(* Let $m\ge2$ and let $\mathcal W\subseteq\mathcal S_m$ be such that the graph $\mathcal G(\mathcal W)$ is a tree. Let $\mathcal B=\mathcal S_m\setminus\mathcal W$. Then from every $B\in\mathcal B$ there is a path in $\mathcal G(\mathcal B)$ from $B$ to a border quadrilateral (which lies in $\mathcal B$).
   Context: Let $Q$ be a convex quadrilateral in $\mathbb{R}^2$. Divide $Q$ into two triangles by its shorter diagonal (either diagonal if they have equal length). Label the vertices $Q_1,Q_2,Q_3,Q_4$ anticlockwise, starting at an endpoint of that diagonal, so that the diagonal is $Q_1Q_3$. For an integer $m\ge2$, define the following index sets: - $A_1=\{(k_1,k_2,k_3,0)\in\mathbb{Z}_{\ge0}^4:k_1+k_2+k_3=m-1,\ k_2\ne0\}$, - $A_2=\{(k_1,0,k_3,k_4)\in\mathbb{Z}_{\ge0}^4:k_1+k_3+k_4=m-1,\ k_4\ne0\}$, - $A_3=\{(k_1,0,k_3,0)\in\mathbb{Z}_{\ge0}^4:k_1+k_3=m-1\}$, - $A=A_1\cup A_2\cup A_3$. For $k\in A$, let $S_m(k)$ be the quadrilateral with ordered vertices $R_1R_2R_3R_4$ given below. - If $k\in A_1$: $R_1=\frac{(k_1+1)Q_1+k_2Q_2+k_3Q_3}{m}$, $R_2=\frac{k_1Q_1+(k_2+1)Q_2+k_3Q_3}{m}$, $R_3=\frac{k_1Q_1+k_2Q_2+(k_3+1)Q_3}{m}$, $R_4=\frac{(k_1+1)Q_1+(k_2-1)Q_2+(k_3+1)Q_3}{m}$. - If $k\in A_2$: $R_1=\frac{(k_1+1)Q_1+k_3Q_3+k_4Q_4}{m}$, $R_2=\frac{(k_1+1)Q_1+(k_3+1)Q_3+(k_4-1)Q_4}{m}$, $R_3=\frac{k_1Q_1+(k_3+1)Q_3+k_4Q_4}{m}$, $R_4=\frac{k_1Q_1+k_3Q_3+(k_4+1)Q_4}{m}$. - If $k\in A_3$: $R_1=\frac{(k_1+1)Q_1+k_3Q_3}{m}$, $R_2=\frac{k_1Q_1+Q_2+k_3Q_3}{m}$, $R_3=\frac{k_1Q_1+(k_3+1)Q_3}{m}$, $R_4=\frac{k_1Q_1+k_3Q_3+Q_4}{m}$. Let $\mathcal S_m=\{S_m(k):k\in A\}$; these quadrilaterals tile $Q$. A border quadrilateral is an element of $\mathcal S_m$ having a side contained in the boundary of $Q$. For $\mathcal W\subseteq\mathcal S_m$, the graph $\mathcal G(\mathcal W)$ has vertex set $\mathcal W$, with two elements adjacent iff they have a common side. For $\mathcal B\subseteq\mathcal S_m$, the graph $\mathcal G(\mathcal B)$ has vertex set $\mathcal B$, with two elements adjacent iff they have a common side or a common vertex. *)

theory Defs
  imports "HOL-Analysis.Analysis"
begin

type_synonym pt = "real \<times> real"
type_synonym quad = "pt list"   (* ordered vertices R1 R2 R3 R4, length 4 *)

definition cross2 :: "pt \<Rightarrow> pt \<Rightarrow> real" where
  "cross2 u v = fst u * snd v - snd u * fst v"

definition convex_quad_ccw :: "(nat \<Rightarrow> pt) \<Rightarrow> bool" where
  "convex_quad_ccw Q \<longleftrightarrow>
     cross2 (Q 2 - Q 1) (Q 3 - Q 2) > 0 \<and> cross2 (Q 3 - Q 2) (Q 4 - Q 3) > 0 \<and>
     cross2 (Q 4 - Q 3) (Q 1 - Q 4) > 0 \<and> cross2 (Q 1 - Q 4) (Q 2 - Q 1) > 0"

definition quadA1 :: "nat \<Rightarrow> (nat \<times> nat \<times> nat \<times> nat) set" where
  "quadA1 m = {(k1,k2,k3,k4). k4 = 0 \<and> k1 + k2 + k3 = m - 1 \<and> k2 \<noteq> 0}"
definition quadA2 :: "nat \<Rightarrow> (nat \<times> nat \<times> nat \<times> nat) set" where
  "quadA2 m = {(k1,k2,k3,k4). k2 = 0 \<and> k1 + k3 + k4 = m - 1 \<and> k4 \<noteq> 0}"
definition quadA3 :: "nat \<Rightarrow> (nat \<times> nat \<times> nat \<times> nat) set" where
  "quadA3 m = {(k1,k2,k3,k4). k2 = 0 \<and> k4 = 0 \<and> k1 + k3 = m - 1}"
definition quadA :: "nat \<Rightarrow> (nat \<times> nat \<times> nat \<times> nat) set" where
  "quadA m = quadA1 m \<union> quadA2 m \<union> quadA3 m"

definition bpt :: "nat \<Rightarrow> (nat \<Rightarrow> pt) \<Rightarrow> nat \<Rightarrow> nat \<Rightarrow> nat \<Rightarrow> nat \<Rightarrow> pt" where
  "bpt m Q a b c d = (1 / real m) *\<^sub>R
     (real a *\<^sub>R Q 1 + real b *\<^sub>R Q 2 + real c *\<^sub>R Q 3 + real d *\<^sub>R Q 4)"

text \<open>S_m(k); the three cases A1 (k2 \<noteq> 0), A2 (k4 \<noteq> 0), A3 (k2 = k4 = 0) are disjoint on A.\<close>
definition Squad :: "nat \<Rightarrow> (nat \<Rightarrow> pt) \<Rightarrow> nat \<times> nat \<times> nat \<times> nat \<Rightarrow> quad" where
  "Squad m Q k = (case k of (k1,k2,k3,k4) \<Rightarrow>
     if k \<in> quadA1 m then
       [bpt m Q (k1+1) k2 k3 0, bpt m Q k1 (k2+1) k3 0, bpt m Q k1 k2 (k3+1) 0,
        bpt m Q (k1+1) (k2-1) (k3+1) 0]
     else if k \<in> quadA2 m then
       [bpt m Q (k1+1) 0 k3 k4, bpt m Q (k1+1) 0 (k3+1) (k4-1), bpt m Q k1 0 (k3+1) k4,
        bpt m Q k1 0 k3 (k4+1)]
     else
       [bpt m Q (k1+1) 0 k3 0, bpt m Q k1 1 k3 0, bpt m Q k1 0 (k3+1) 0, bpt m Q k1 0 k3 1])"

definition Sset :: "nat \<Rightarrow> (nat \<Rightarrow> pt) \<Rightarrow> quad set" where
  "Sset m Q = Squad m Q ` quadA m"

definition side :: "quad \<Rightarrow> nat \<Rightarrow> pt set" where
  "side q i = closed_segment (q ! i) (q ! (Suc i mod 4))"

definition common_side :: "quad \<Rightarrow> quad \<Rightarrow> bool" where
  "common_side q r \<longleftrightarrow> (\<exists>i<4. \<exists>j<4. side q i = side r j)"

definition common_vertex :: "quad \<Rightarrow> quad \<Rightarrow> bool" where
  "common_vertex q r \<longleftrightarrow> (\<exists>i<4. \<exists>j<4. q ! i = r ! j)"

definition border_quad :: "nat \<Rightarrow> (nat \<Rightarrow> pt) \<Rightarrow> quad \<Rightarrow> bool" where
  "border_quad m Q q \<longleftrightarrow> q \<in> Sset m Q \<and>
     (\<exists>i<4. side q i \<subseteq> frontier (convex hull {Q 1, Q 2, Q 3, Q 4}))"

definition adjW :: "quad \<Rightarrow> quad \<Rightarrow> bool" where
  "adjW q r \<longleftrightarrow> q \<noteq> r \<and> common_side q r"
definition adjB :: "quad \<Rightarrow> quad \<Rightarrow> bool" where
  "adjB q r \<longleftrightarrow> q \<noteq> r \<and> (common_side q r \<or> common_vertex q r)"

definition is_gpath :: "'a set \<Rightarrow> ('a \<Rightarrow> 'a \<Rightarrow> bool) \<Rightarrow> 'a list \<Rightarrow> bool" where
  "is_gpath V E ps \<longleftrightarrow> ps \<noteq> [] \<and> set ps \<subseteq> V \<and> distinct ps \<and>
     (\<forall>i. Suc i < length ps \<longrightarrow> E (ps ! i) (ps ! Suc i))"

definition graph_connected :: "'a set \<Rightarrow> ('a \<Rightarrow> 'a \<Rightarrow> bool) \<Rightarrow> bool" where
  "graph_connected V E \<longleftrightarrow>
     (\<forall>u\<in>V. \<forall>v\<in>V. \<exists>ps. is_gpath V E ps \<and> hd ps = u \<and> last ps = v)"

definition has_cycle :: "'a set \<Rightarrow> ('a \<Rightarrow> 'a \<Rightarrow> bool) \<Rightarrow> bool" where
  "has_cycle V E \<longleftrightarrow> (\<exists>cs. 3 \<le> length cs \<and> is_gpath V E cs \<and> E (last cs) (hd cs))"

definition is_tree :: "'a set \<Rightarrow> ('a \<Rightarrow> 'a \<Rightarrow> bool) \<Rightarrow> bool" where
  "is_tree V E \<longleftrightarrow> V \<noteq> {} \<and> graph_connected V E \<and> \<not> has_cycle V E"

end

theory Submission
  imports Defs
begin

text \<open>
  Reading S_m(k) as the cell (i, j) of an m \<times> m grid, sheared onto the two triangles
  Q1 Q2 Q3 (i < j) and Q1 Q3 Q4 (j < i), tiles with a common side become orthogonally
  adjacent cells, tiles with a common vertex become king-adjacent cells, and border tiles
  become cells on the outer ring. So it suffices that, for a finite set W of cells without
  cycles in the orthogonal adjacency, every cell outside W can leave the grid by king moves
  avoiding W. This goes by induction on W: remove a leaf w. At most one of its four
  orthogonal neighbours lies in W, so its king neighbours outside W are connected around w,
  and an escape route through w can be rerouted. Only the acyclicity of G(W) is used.
\<close>

section \<open>Paths and cycles in graphs\<close>

lemma is_gpath_mono: "is_gpath V E ps \<Longrightarrow> V \<subseteq> V' \<Longrightarrow> is_gpath V' E ps"
  unfolding is_gpath_def by auto

lemma has_cycle_mono: "has_cycle V E \<Longrightarrow> V \<subseteq> V' \<Longrightarrow> has_cycle V' E"
  unfolding has_cycle_def using is_gpath_mono by blast

lemma is_gpath_map:
  assumes ps: "is_gpath V E ps" and f: "inj_on f V" "f ` V \<subseteq> V'"
    and E: "\<And>x y. x \<in> V \<Longrightarrow> y \<in> V \<Longrightarrow> E x y \<Longrightarrow> E' (f x) (f y)"
  shows "is_gpath V' E' (map f ps)"
proof -
  have V: "set ps \<subseteq> V" using ps by (simp add: is_gpath_def)
  then have "distinct (map f ps)"
    using ps f(1) by (simp add: is_gpath_def distinct_map inj_on_subset)
  moreover have "E' (map f ps ! i) (map f ps ! Suc i)" if "Suc i < length ps" for i
    using ps that V E[of "ps ! i" "ps ! Suc i"] by (force simp: is_gpath_def)
  ultimately show ?thesis
    using ps V f(2) by (auto simp: is_gpath_def)
qed

lemma has_cycle_map:
  assumes "has_cycle V E" "inj_on f V" "f ` V \<subseteq> V'"
    and E: "\<And>x y. x \<in> V \<Longrightarrow> y \<in> V \<Longrightarrow> E x y \<Longrightarrow> E' (f x) (f y)"
  shows "has_cycle V' E'"
proof -
  obtain cs where cs: "3 \<le> length cs" "is_gpath V E cs" "E (last cs) (hd cs)"
    using assms(1) by (auto simp: has_cycle_def)
  have "cs \<noteq> []" "set cs \<subseteq> V" using cs by (auto simp: is_gpath_def)
  then have "E' (last (map f cs)) (hd (map f cs))"
    using E[OF _ _ cs(3)] by (simp add: last_map hd_map subset_iff)
  then show ?thesis
    using is_gpath_map[OF cs(2) assms(2,3), of E'] E cs(1) unfolding has_cycle_def
    by (metis length_map)
qed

=======

- [What you need to do]: Show every line of the listing in which the string "unfolding" can be found.

- [Result below]:
  unfolding is_gpath_def by auto
  unfolding has_cycle_def using is_gpath_mono by blast
    using is_gpath_map[OF cs(2) assms(2,3), of E'] E cs(1) unfolding has_cycle_def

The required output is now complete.